Context: I was reading a book when I encountered the following geometric construction in a chapter about equidistributed sequence.

Let's construct a series of $N$ points $A_1,\ldots,A_N$ of the plane, where $A_n$ has coordinates

$$\left(\mathrm{Re}\left(\sum_{k\leqslant n} e^{2\sqrt 2 i \pi k\log k}\right),\mathrm{Im}\left(\sum_{k\leqslant n} e^{2\sqrt 2 i \pi k\log k}\right)\right).$$

Then let's drawn the lignes $[A_n,A_{n+1}]$ for all $n\in\{1,\ldots,N-1\}$.

Here is what it looks for $N=200$, $N=1500$, $N=10^4$ and $N=10^5$ respectively.

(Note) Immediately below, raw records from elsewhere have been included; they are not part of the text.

lemma sum_monom_truncate:
  fixes g :: "'b \<Rightarrow> 'a::comm_ring_1"
  assumes "finite A" "degree (\<Sum>\<alpha>\<in>A. monom (g \<alpha>) (d \<alpha>)) \<le> k"
  shows "(\<Sum>\<alpha>\<in>A. monom (g \<alpha>) (d \<alpha>)) = (\<Sum>\<alpha>\<in>{\<alpha>\<in>A. d \<alpha> \<le> k}. monom (g \<alpha>) (d \<alpha>))"
proof (rule poly_eqI)
  fix m
  show "coeff (\<Sum>\<alpha>\<in>A. monom (g \<alpha>) (d \<alpha>)) m = coeff (\<Sum>\<alpha>\<in>{\<alpha>\<in>A. d \<alpha> \<le> k}. monom (g \<alpha>) (d \<alpha>)) m"
  proof (cases "m \<le> k")
    case True
    then show ?thesis
      unfolding coeff_sum coeff_monom using assms(1) by (intro sum.mono_neutral_right) auto
  next
    case False
    then have "coeff (\<Sum>\<alpha>\<in>A. monom (g \<alpha>) (d \<alpha>)) m = 0"
      using assms(2) by (intro coeff_eq_0) simp
    then show ?thesis
      using False unfolding coeff_sum coeff_monom by (auto intro!: sum.neutral)
  qed
qed

lemma sos_component_low_degree:
  fixes qs :: "((nat \<Rightarrow> real) \<Rightarrow> real) list"
  assumes rep: "\<And>q. q \<in> set qs \<Longrightarrow>
      finite (A q) \<and> (\<forall>x. q x = (\<Sum>\<alpha>\<in>A q. c q \<alpha> * (\<Prod>i<n. x i ^ \<alpha> i)))"
    and sos: "\<And>x. f x = (\<Sum>q\<leftarrow>qs. (q x)^2)"
    and ray: "\<And>x. \<exists>P. degree P \<le> 2 * k \<and> (\<forall>t. f (\<lambda>i. t * x i) = poly P t)"
    and q: "q \<in> set qs"
  shows "q x = (\<Sum>\<alpha>\<in>{\<alpha>\<in>A q. (\<Sum>i<n. \<alpha> i) \<le> k}. c q \<alpha> * (\<Prod>i<n. x i ^ \<alpha> i))"
proof -
  define deg where "deg \<alpha> = (\<Sum>i<n. \<alpha> i)" for \<alpha> :: "nat \<Rightarrow> nat"
  \<comment> \<open>On the line through \<open>x\<close>, the coefficient of \<open>t^m\<close> collects the monomials of total degree \<open>m\<close>.\<close>
  define G where "G q' = (\<Sum>\<alpha>\<in>A q'. monom (c q' \<alpha> * (\<Prod>i<n. x i ^ \<alpha> i)) (deg \<alpha>))" for q'
  have poly_G: "poly (G q') t = q' (\<lambda>i. t * x i)" if "q' \<in> set qs" for q' t
    using rep[OF that]
    by (simp add: G_def deg_def poly_sum poly_monom power_mult_distrib prod.distrib power_sum mult_ac)
  obtain P where P: "degree P \<le> 2 * k" "\<And>t. f (\<lambda>i. t * x i) = poly P t"
    using ray by blast
  have "poly (\<Sum>h\<leftarrow>map G qs. h^2) t = poly P t" for t
  proof -
    have "poly (\<Sum>h\<leftarrow>map G qs. h^2) t = (\<Sum>q\<leftarrow>qs. (poly (G q) t)^2)"
      by (induction qs) simp_all
    also have "\<dots> = (\<Sum>q\<leftarrow>qs. (q (\<lambda>i. t * x i))^2)"
      by (intro arg_cong[where f=sum_list] map_cong) (auto simp: poly_G)
    also have "\<dots> = f (\<lambda>i. t * x i)" by (rule sos[symmetric])
    also have "\<dots> = poly P t" by (rule P(2))
    finally show ?thesis .
  qed
  then have "poly (\<Sum>h\<leftarrow>map G qs. h^2) = poly P" by (rule ext)
  then have "(\<Sum>h\<leftarrow>map G qs. h^2) = P" by (simp add: poly_eq_poly_eq_iff)
  then have "degree (\<Sum>h\<leftarrow>map G qs. h^2) \<le> 2 * k" using P(1) by simp
  then have "degree (G q) \<le> k"
    by (rule degree_sum_list_squares_le) (simp add: q)
  then have "G q = (\<Sum>\<alpha>\<in>{\<alpha>\<in>A q. deg \<alpha> \<le> k}. monom (c q \<alpha> * (\<Prod>i<n. x i ^ \<alpha> i)) (deg \<alpha>))"
    unfolding G_def using rep[OF q] by (intro sum_monom_truncate) auto
  then have "poly (G q) 1 = (\<Sum>\<alpha>\<in>{\<alpha>\<in>A q. deg \<alpha> \<le> k}. c q \<alpha> * (\<Prod>i<n. x i ^ \<alpha> i))"
    by (simp add: poly_sum poly_monom)
  then show ?thesis using poly_G[OF q, of 1] by (simp add: deg_def)
qed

My questions are the following.

• What is it behaving like this? What causes those spirals?

• Can we predict the coordinates of the center of each spiral?

• Can we predict for which value of $n$ $A_n$ will be at the center of a spiral?

Answer 1

I have had a number of experiences with these curlicue spirals, both by accident and by design. These are artifacts that accrue when a spiral equation is undersampled. But let's start at the beginning. Any curve in the complex plane can be expressed in terms of the arc length, $s$ by the equation

$$z=\int e^{i\int \kappa(s)ds}ds$$

where $\kappa(s)$ is the curvature. This equation is derived from the natural (or intrinsic) equation, which is independent of any coordinate system. For example, the relation between curvature and tangent angle, $\kappa(s)=d\theta/ds$, is a natural equation.

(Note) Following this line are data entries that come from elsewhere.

(* Let $G$ be a finite simple graph on $n$ vertices such that $\xi(G)=1$, i.e. $G$ has exactly one independent set of size $\alpha(G)$. Then $i_{\alpha(G)-1}\le 3^{\frac{n}{3}}+n-1$, where $i_{\alpha(G)-1}$ is the number of independent sets of size $\alpha(G)-1$ in $G$.
   Context: $\alpha(G)$ is the independence number of $G$ (maximum size of an independent set), $\xi(G)$ is the number of maximum independent sets of $G$, and $i_k$ denotes the number of independent sets of size $k$ in $G$. *)

theory Defs
  imports Main Complex_Main
begin

text \<open>A finite simple graph: finite vertex set V with a symmetric irreflexive
edge relation E (only its restriction to V matters).\<close>
definition simple_graph :: "'a set \<Rightarrow> ('a \<Rightarrow> 'a \<Rightarrow> bool) \<Rightarrow> bool" where
  "simple_graph V E \<longleftrightarrow> finite V \<and> (\<forall>u\<in>V. \<forall>v\<in>V. E u v \<longrightarrow> E v u) \<and> (\<forall>v\<in>V. \<not> E v v)"

definition indep_set :: "'a set \<Rightarrow> ('a \<Rightarrow> 'a \<Rightarrow> bool) \<Rightarrow> 'a set \<Rightarrow> bool" where
  "indep_set V E S \<longleftrightarrow> S \<subseteq> V \<and> (\<forall>u\<in>S. \<forall>v\<in>S. \<not> E u v)"

definition indep_num :: "'a set \<Rightarrow> ('a \<Rightarrow> 'a \<Rightarrow> bool) \<Rightarrow> nat" where
  "indep_num V E = Max {card S | S. indep_set V E S}"

definition num_max_indep :: "'a set \<Rightarrow> ('a \<Rightarrow> 'a \<Rightarrow> bool) \<Rightarrow> nat" where
  "num_max_indep V E = card {S. indep_set V E S \<and> card S = indep_num V E}"

text \<open>i_k: number of independent sets of size k (k an integer; 0 for k < 0)\<close>
definition num_indep_k :: "'a set \<Rightarrow> ('a \<Rightarrow> 'a \<Rightarrow> bool) \<Rightarrow> int \<Rightarrow> nat" where
  "num_indep_k V E k = card {S. indep_set V E S \<and> int (card S) = k}"

end

theory Submission
  imports Defs
begin

text \<open>Let \<open>S\<close> be the unique maximum independent set, of size \<open>a \<le> n\<close>. An independent set
of size \<open>a - 1\<close> either extends to an independent set of size \<open>a\<close>, which must be \<open>S\<close>, so it is
one of the \<open>a\<close> subsets of \<open>S\<close> of that size; or it cannot be extended, i.e. it is a maximal
independent set other than \<open>S\<close>. By the Moon-Moser theorem there are at most \<open>3 ^ (n / 3)\<close>
maximal independent sets, and \<open>S\<close> is one of them.

Moon-Moser follows by branching: every maximal independent set meets the closed neighbourhood
\<open>N[v]\<close> of a vertex \<open>v\<close> of minimum degree \<open>k - 1\<close>; those containing \<open>u \<in> N[v]\<close> correspond
injectively to maximal independent sets of \<open>G - N[u]\<close>, which has at most \<open>n - k\<close> vertices; and
\<open>k * 3 ^ ((n - k) / 3) \<le> 3 ^ (n / 3)\<close> because \<open>k ^ 3 \<le> 3 ^ k\<close>.\<close>

lemma cube_le_three_power: "k ^ 3 \<le> (3::nat) ^ k"
proof (cases "k \<le> 3")
  case True
  then have "k \<in> {0, 1, 2, 3}" by auto
  then show ?thesis by auto
next
  case False
  then have "3 \<le> k" by simp
  then show ?thesis
  proof (induction k rule: nat_induct_at_least)
    case base
    then show ?case by simp
  next
    case (Suc j)
    have "9 * j \<le> j ^ 3"
      using mult_le_mono1[OF mult_le_mono[OF Suc.hyps Suc.hyps], of j]
      by (simp add: power3_eq_cube)
    moreover have "3 * j\<^sup>2 \<le> j ^ 3"
      using Suc.hyps by (simp add: power3_eq_cube power2_eq_square)
    moreover have "(Suc j) ^ 3 = j ^ 3 + 3 * j\<^sup>2 + 3 * j + 1"
      by (simp add: power3_eq_cube power2_eq_square algebra_simps)
    ultimately have "(Suc j) ^ 3 \<le> 3 * j ^ 3"
      using Suc.hyps by linarith
    then show ?case
      using Suc.IH by simp
  qed
qed

lemma real_le_three_powr_third: "real k \<le> 3 powr (real k / 3)"
proof (rule ccontr)
  assume "\<not> ?thesis"
  then have "(3 powr (real k / 3)) ^ 3 < real k ^ 3"
    by (intro power_strict_mono) auto
  also have "(3 powr (real k / 3)) ^ 3 = 3 ^ k"
    by (simp add: powr_realpow[symmetric] powr_powr)
  finally have "real (3 ^ k) < real (k ^ 3)"
    by simp
  then show False
    using cube_le_three_power[of k] by linarith
qed

lemma mult_three_powr_third_le:
  assumes "k \<le> n"
  shows "real k * 3 powr (real (n - k) / 3) \<le> 3 powr (real n / 3)"
proof -
  have "real k * 3 powr (real (n - k) / 3) \<le> 3 powr (real k / 3) * 3 powr (real (n - k) / 3)"
    by (rule mult_right_mono[OF real_le_three_powr_third]) simp
  also have "\<dots> = 3 powr (real n / 3)"
    using assms by (simp add: powr_add[symmetric] of_nat_diff add_divide_distrib[symmetric])
  finally show ?thesis .
qed

lemma simple_graph_subset: "simple_graph V E \<Longrightarrow> W \<subseteq> V \<Longrightarrow> simple_graph W E"
  by (auto simp: simple_graph_def finite_subset)

lemma finite_indep_sets: "finite V \<Longrightarrow> finite {S. indep_set V E S}"
  by (rule finite_subset[of _ "Pow V"]) (auto simp: indep_set_def)

lemma card_le_indep_num: "finite V \<Longrightarrow> indep_set V E S \<Longrightarrow> card S \<le> indep_num V E"
  unfolding indep_num_def
  by (rule Max_ge) (auto simp: setcompr_eq_image finite_indep_sets)

definition maximal_indep_set :: "'a set \<Rightarrow> ('a \<Rightarrow> 'a \<Rightarrow> bool) \<Rightarrow> 'a set \<Rightarrow> bool" where
  "maximal_indep_set V E I \<longleftrightarrow> indep_set V E I \<and> (\<forall>x\<in>V - I. \<not> indep_set V E (insert x I))"

lemma finite_maximal_indep_sets: "finite V \<Longrightarrow> finite {I. maximal_indep_set V E I}"
  by (rule finite_subset[OF _ finite_indep_sets]) (auto simp: maximal_indep_set_def)

definition closed_nbhd :: "'a set \<Rightarrow> ('a \<Rightarrow> 'a \<Rightarrow> bool) \<Rightarrow> 'a \<Rightarrow> 'a set" where
  "closed_nbhd V E u = insert u {w\<in>V. E u w}"

lemma closed_nbhd_subset: "u \<in> V \<Longrightarrow> closed_nbhd V E u \<subseteq> V"
  by (auto simp: closed_nbhd_def)

lemma finite_closed_nbhd: "finite V \<Longrightarrow> finite (closed_nbhd V E u)"
  by (simp add: closed_nbhd_def)

lemma maximal_indep_set_meets_closed_nbhd:
  assumes G: "simple_graph V E" and I: "maximal_indep_set V E I" and v: "v \<in> V"
  shows "\<exists>u\<in>closed_nbhd V E v. u \<in> I"
proof (cases "v \<in> I")
  case True
  then show ?thesis by (auto simp: closed_nbhd_def)
next
  case False
  then have "\<not> indep_set V E (insert v I)"
    using I v by (auto simp: maximal_indep_set_def)
  then obtain w where "w \<in> I" "E v w"
    using G I v unfolding maximal_indep_set_def indep_set_def simple_graph_def by blast
  then show ?thesis
    using I by (auto simp: closed_nbhd_def maximal_indep_set_def indep_set_def)
qed

lemma maximal_indep_set_Diff_closed_nbhd:
  assumes G: "simple_graph V E" and I: "maximal_indep_set V E I" and u: "u \<in> I"
  shows "maximal_indep_set (V - closed_nbhd V E u) E (I - {u})"
proof -
  have IV: "I \<subseteq> V" and indep: "\<forall>a\<in>I. \<forall>b\<in>I. \<not> E a b"
    using I by (auto simp: maximal_indep_set_def indep_set_def)
  have "\<not> indep_set (V - closed_nbhd V E u) E (insert x (I - {u}))"
    if x: "x \<in> V - closed_nbhd V E u - (I - {u})" for x
  proof -
    have "x \<in> V - I" "x \<noteq> u"
      using x u indep by (auto simp: closed_nbhd_def)
    then obtain a b where ab: "a \<in> insert x I" "b \<in> insert x I" "E a b"
      using I IV unfolding maximal_indep_set_def indep_set_def by blast
    have "\<not> E u x" "\<not> E x u"
      using x u IV G by (auto simp: closed_nbhd_def simple_graph_def)
    then have "a \<noteq> u" "b \<noteq> u"
      using ab indep u by auto
    with ab show ?thesis
      by (auto simp: indep_set_def)
  qed
  moreover have "I - {u} \<subseteq> V - closed_nbhd V E u"
    using IV indep u by (auto simp: closed_nbhd_def)
  ultimately show ?thesis
    using indep by (auto simp: maximal_indep_set_def indep_set_def)
qed

lemma card_maximal_indep_sets_containing_le:
  assumes G: "simple_graph V E"
  shows "card {I. maximal_indep_set V E I \<and> u \<in> I}
           \<le> card {J. maximal_indep_set (V - closed_nbhd V E u) E J}"
proof (rule card_inj_on_le)
  show "inj_on (\<lambda>I. I - {u}) {I. maximal_indep_set V E I \<and> u \<in> I}"
    by (rule inj_onI) (metis insert_Diff mem_Collect_eq)
  show "(\<lambda>I. I - {u}) ` {I. maximal_indep_set V E I \<and> u \<in> I}
          \<subseteq> {J. maximal_indep_set (V - closed_nbhd V E u) E J}"
    using maximal_indep_set_Diff_closed_nbhd[OF G] by blast
  show "finite {J. maximal_indep_set (V - closed_nbhd V E u) E J}"
    using G by (intro finite_maximal_indep_sets) (simp add: simple_graph_def)
qed

lemma card_maximal_indep_sets_le_sum:
  assumes G: "simple_graph V E" and v: "v \<in> V"
  shows "card {I. maximal_indep_set V E I}
           \<le> (\<Sum>u\<in>closed_nbhd V E v. card {I. maximal_indep_set V E I \<and> u \<in> I})"
proof -
  have fin: "finite V"
    using G by (simp add: simple_graph_def)
  have "{I. maximal_indep_set V E I}
          \<subseteq> (\<Union>u\<in>closed_nbhd V E v. {I. maximal_indep_set V E I \<and> u \<in> I})"
    using maximal_indep_set_meets_closed_nbhd[OF G _ v] by blast
  then have "card {I. maximal_indep_set V E I}
               \<le> card (\<Union>u\<in>closed_nbhd V E v. {I. maximal_indep_set V E I \<and> u \<in> I})"
    by (intro card_mono finite_UN_I finite_closed_nbhd[OF fin]
        finite_subset[OF _ finite_maximal_indep_sets[OF fin]]) auto
  also have "\<dots> \<le> (\<Sum>u\<in>closed_nbhd V E v. card {I. maximal_indep_set V E I \<and> u \<in> I})"
    by (rule card_UN_le[OF finite_closed_nbhd[OF fin]])
  finally show ?thesis .
qed

theorem moon_moser:
  "simple_graph V E \<Longrightarrow> real (card {I. maximal_indep_set V E I}) \<le> 3 powr (real (card V) / 3)"
proof (induction "card V" arbitrary: V rule: less_induct)
  case less
  have fin: "finite V"
    using less.prems by (simp add: simple_graph_def)
  show ?case
  proof (cases "V = {}")
    case True
    then have "{I. maximal_indep_set V E I} \<subseteq> {{}}"
      by (auto simp: maximal_indep_set_def indep_set_def)
    then have "card {I. maximal_indep_set V E I} \<le> card {{} :: 'a set}"
      by (intro card_mono) auto
    then show ?thesis
      using True by simp
  next
    case False
    define n where "n = card V"
    obtain v where v: "v \<in> V"
      and v_min: "\<And>u. u \<in> V \<Longrightarrow> card (closed_nbhd V E v) \<le> card (closed_nbhd V E u)"
      using ex_has_least_nat[of "\<lambda>u. u \<in> V" _ "\<lambda>u. card (closed_nbhd V E u)"] False
      by blast
    define k where "k = card (closed_nbhd V E v)"
    have "k \<le> n"
      unfolding k_def n_def by (rule card_mono[OF fin closed_nbhd_subset[OF v]])
    have branch: "real (card {I. maximal_indep_set V E I \<and> u \<in> I}) \<le> 3 powr (real (n - k) / 3)"
      if u: "u \<in> closed_nbhd V E v" for u
    proof -
      have uV: "u \<in> V"
        using u closed_nbhd_subset[OF v] by auto
      let ?W = "V - closed_nbhd V E u"
      have card_W: "card ?W = n - card (closed_nbhd V E u)"
        unfolding n_def using fin closed_nbhd_subset[OF uV]
        by (simp add: card_Diff_subset finite_closed_nbhd)
      have "card ?W < card V"
        using fin uV by (intro psubset_card_mono) (auto simp: closed_nbhd_def)
      then have "real (card {J. maximal_indep_set ?W E J}) \<le> 3 powr (real (card ?W) / 3)"
        using less.hyps simple_graph_subset[OF less.prems Diff_subset] by blast
      also have "\<dots> \<le> 3 powr (real (n - k) / 3)"
        using card_W v_min[OF uV] unfolding k_def by simp
      finally show ?thesis
        using card_maximal_indep_sets_containing_le[OF less.prems, of u] by linarith
    qed
    have "real (card {I. maximal_indep_set V E I})
            \<le> (\<Sum>u\<in>closed_nbhd V E v. real (card {I. maximal_indep_set V E I \<and> u \<in> I}))"
      using card_maximal_indep_sets_le_sum[OF less.prems v] by (metis of_nat_le_iff of_nat_sum)
    also have "\<dots> \<le> real k * 3 powr (real (n - k) / 3)"
      using sum_mono[OF branch] by (simp add: k_def)
    also have "\<dots> \<le> 3 powr (real n / 3)"
      using mult_three_powr_third_le[OF \<open>k \<le> n\<close>] .
    finally show ?thesis
      by (simp add: n_def)
  qed
qed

In your case we would idealize the spiral to the form

$$z(S)=\int_1^S e^{i2\sqrt{2}\pi s\ln s}ds$$

where we notice that we've taken the lower limit from $s=1$ to avoid problems with the logarithm, as well as to be consistent with your summation. A plot of $z(S)$ is shown in the first figure below and is seen the be similar to the right-hand-side of the Cornu/Euler spiral. Not surprising, because in that case you have $s\ln s \Rightarrow s^2$. As $S$ increases, the spiral is filled in with increasingly smaller loops.

However, excess curlicues can arise due to undersampling $s$ in the integral. What happens is that there are sudden changes in the integrand due to rapid changes in the sign of the sine/cosine terms, which throw the value of $z(S)$ out of the nominal spiral. It continues with another spiral until it is thrown off elsewhere.

In the limit of undersampling where $ds=1$, the result is identical with the summation in the OP, that is,

$$z(S)=\int_1^S e^{i2\sqrt{2}\pi s\ln s}ds=\sum_{k=1}^ne^{i2\sqrt{2}\pi k\ln k}=A_n$$

where $n=S$, of course. My results for $n=200,1500,10^4,10^5$ are shown in the second figure below. Since these are not in agreement with yours, I will tell you that these were calculated and plotted in the complex plane using Matlab and, in particular, using the the cumsum function, (i.e., cumulative summation). Notice that each image is a subset of the ones of lager values of $n$. In addition, these have been rotated by$-\pi/2$ for presentation purposes.

As to the question of predicting the centers of the spirals, I believe that it is highly unlikely. I cannot even determine that for the complete spiral because I cannot get a closed form solution to the integral. Moreover, I can't even get a numerical solution to the infinite integral (having tried WolframAlpha and Mathematica).

Finally, let me draw you attention to another to another post involving curlicue spirals where I also left an answer, Plotting exponential partial sums in the complex plane.